Exercise description — Lines containing the word "lambda" are to be copied from the data below.

======== Data to use

lemma Gamma_set_of_ln_bound:
  assumes eps: "0 < eps"
    and ln_bound: "\<And>k j. Rcal P \<rho> * (eps * G$k$j / \<rho>$j) \<le> ln (1 + eps * G$k$j / \<rho>$j)"
  shows "(\<chi> i. eps * G$i$i / \<rho>$i) \<in> Gamma_set P"
  unfolding Gamma_set_def
proof (intro CollectI conjI allI impI)
  fix i show "0 \<le> (\<chi> i. eps * G$i$i / \<rho>$i) $ i"
    using eps Gmat_nonneg[of i i] rho_pos[rule_format, of i] by simp
next
  fix i and v :: "real^'d"
  let ?g = "gvec P (\<chi> i. eps * G$i$i / \<rho>$i)"
  assume "(\<forall>k. 0 \<le> v$k) \<and> v \<noteq> 0 \<and> v$i = 0"
  then have v: "\<forall>k. 0 \<le> v$k" "v \<noteq> 0" and v_i: "v$i = 0" by auto
  have "\<exists>j. ?g i \<bullet> v < ?g j \<bullet> v"
  proof (cases "\<exists>k. 0 < G$k$i * v$k")
    case True
    then obtain k0 where "0 < G$k0$i * v$k0" by blast
    then show ?thesis by (rule gvec_inner_less_when_hit[OF eps ln_bound v(1) v_i])
  next
    case False
    then have "\<forall>k. G$k$i * v$k = 0"
      using v(1) Gmat_nonneg by (metis mult_nonneg_nonneg order_le_less)
    then show ?thesis by (rule gvec_inner_less_when_missed[OF eps v])
  qed
  then obtain j where "?g i \<bullet> v < ?g j \<bullet> v" by blast
  also have "\<dots> \<le> Max (range (\<lambda>j. ?g j \<bullet> v))" by (rule Max_ge) auto
  finally show "?g i \<bullet> v < Max (range (\<lambda>j. ?g j \<bullet> v))" .
qed

lemma Gamma_set_of_xrho:
  assumes eps: "0 < eps" and small: "\<forall>i. ereal eps < ereal (\<rho>$i / G$i$i) * xrho P \<rho>"
  shows "(\<chi> i. eps * G$i$i / \<rho>$i) \<in> Gamma_set P"
proof (rule Gamma_set_of_ln_bound[OF eps])
  fix k j
  have rho_j: "0 < \<rho>$j" and G_jj: "0 < G$j$j" using rho_pos Gmat_diag_ge_1[of j] by auto
  then have pos: "0 < \<rho>$j / G$j$j" by simp
  have "ereal (eps * G$j$j / \<rho>$j) < xrho P \<rho>"
  proof (cases "xrho P \<rho>")
    case (real r)
    then have "eps < \<rho>$j * r / G$j$j" using small by simp
    then show ?thesis using real rho_j G_jj by (simp add: field_simps)
  qed (use small[rule_format, of j] pos rho_j G_jj in auto)
  moreover have "eps * G$k$j / \<rho>$j \<le> eps * G$j$j / \<rho>$j"
    using eps rho_pos[rule_format, of j] Gmat_le_diag[of k j] by (simp add: divide_right_mono)
  ultimately show "Rcal P \<rho> * (eps * G$k$j / \<rho>$j) \<le> ln (1 + eps * G$k$j / \<rho>$j)"
    using eps rho_pos[rule_format, of j] Gmat_nonneg[of k j] by (intro Rcal_mult_le_ln) auto
qed

end

lemma margin_pos_of_eps_bound:
  fixes e r g m n :: real
  assumes e: "0 < e" and r: "0 < r" and g: "0 < g" and m: "0 < m" and n: "0 \<le> n"
    and bound: "e < r / g * (m / n - 1)"
  shows "n / r < m / (r + e * g)"
proof (cases "n = 0")
  case True
  have "0 < r + e * g" using e r g by (simp add: add_pos_pos)
  then show ?thesis using True m by simp
next
  case False
  with n have n: "0 < n" by simp
  have "e * g * n < r * (m - n)" using bound g n by (simp add: field_simps)
  then have "n * (r + e * g) < m * r" by (simp add: algebra_simps)
  moreover have "0 < r + e * g" using e r g by (simp add: add_pos_pos)
  ultimately have "n < m * r / (r + e * g)" by (simp add: pos_less_divide_eq)
  then show ?thesis using r by (simp add: pos_divide_less_eq)
qed

context jackson_network begin

lemma drift_margin_pos:
  assumes eps: "0 < eps" and small: "eps < \<rho>$i / G$i$i * (mu$i / \<nu>$i - 1)"
  shows "0 < drift_margin eps i"
  using margin_pos_of_eps_bound[OF eps _ _ _ nu_nonneg small] rho_pos mu_pos Gmat_diag_ge_1[of i]
  by (simp add: drift_margin_def)

lemma Limsup_jgen_hfun_ratio_eq:
  assumes eps: "0 < eps" and Gamma: "(\<chi> i. eps * G$i$i / \<rho>$i) \<in> Gamma_set P"
    and margin: "\<forall>i. 0 \<le> drift_margin eps i"
  shows "Limsup at_infty_lattice (\<lambda>x. ereal (jgen lam mu P (hfun P eps \<rho>) x / hfun P eps \<rho> x))
    = ereal (- eps * Min (range (drift_margin eps)))"
  using Limsup_jgen_hfun_ratio_le[OF eps Gamma] Limsup_jgen_hfun_ratio_ge[OF eps margin] by (rule antisym)

end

================

Response to the task —
  also have "\<dots> \<le> Max (range (\<lambda>j. ?g j \<bullet> v))" by (rule Max_ge) auto
  finally show "?g i \<bullet> v < Max (range (\<lambda>j. ?g j \<bullet> v))" .
  shows "Limsup at_infty_lattice (\<lambda>x. ereal (jgen lam mu P (hfun P eps \<rho>) x / hfun P eps \<rho> x))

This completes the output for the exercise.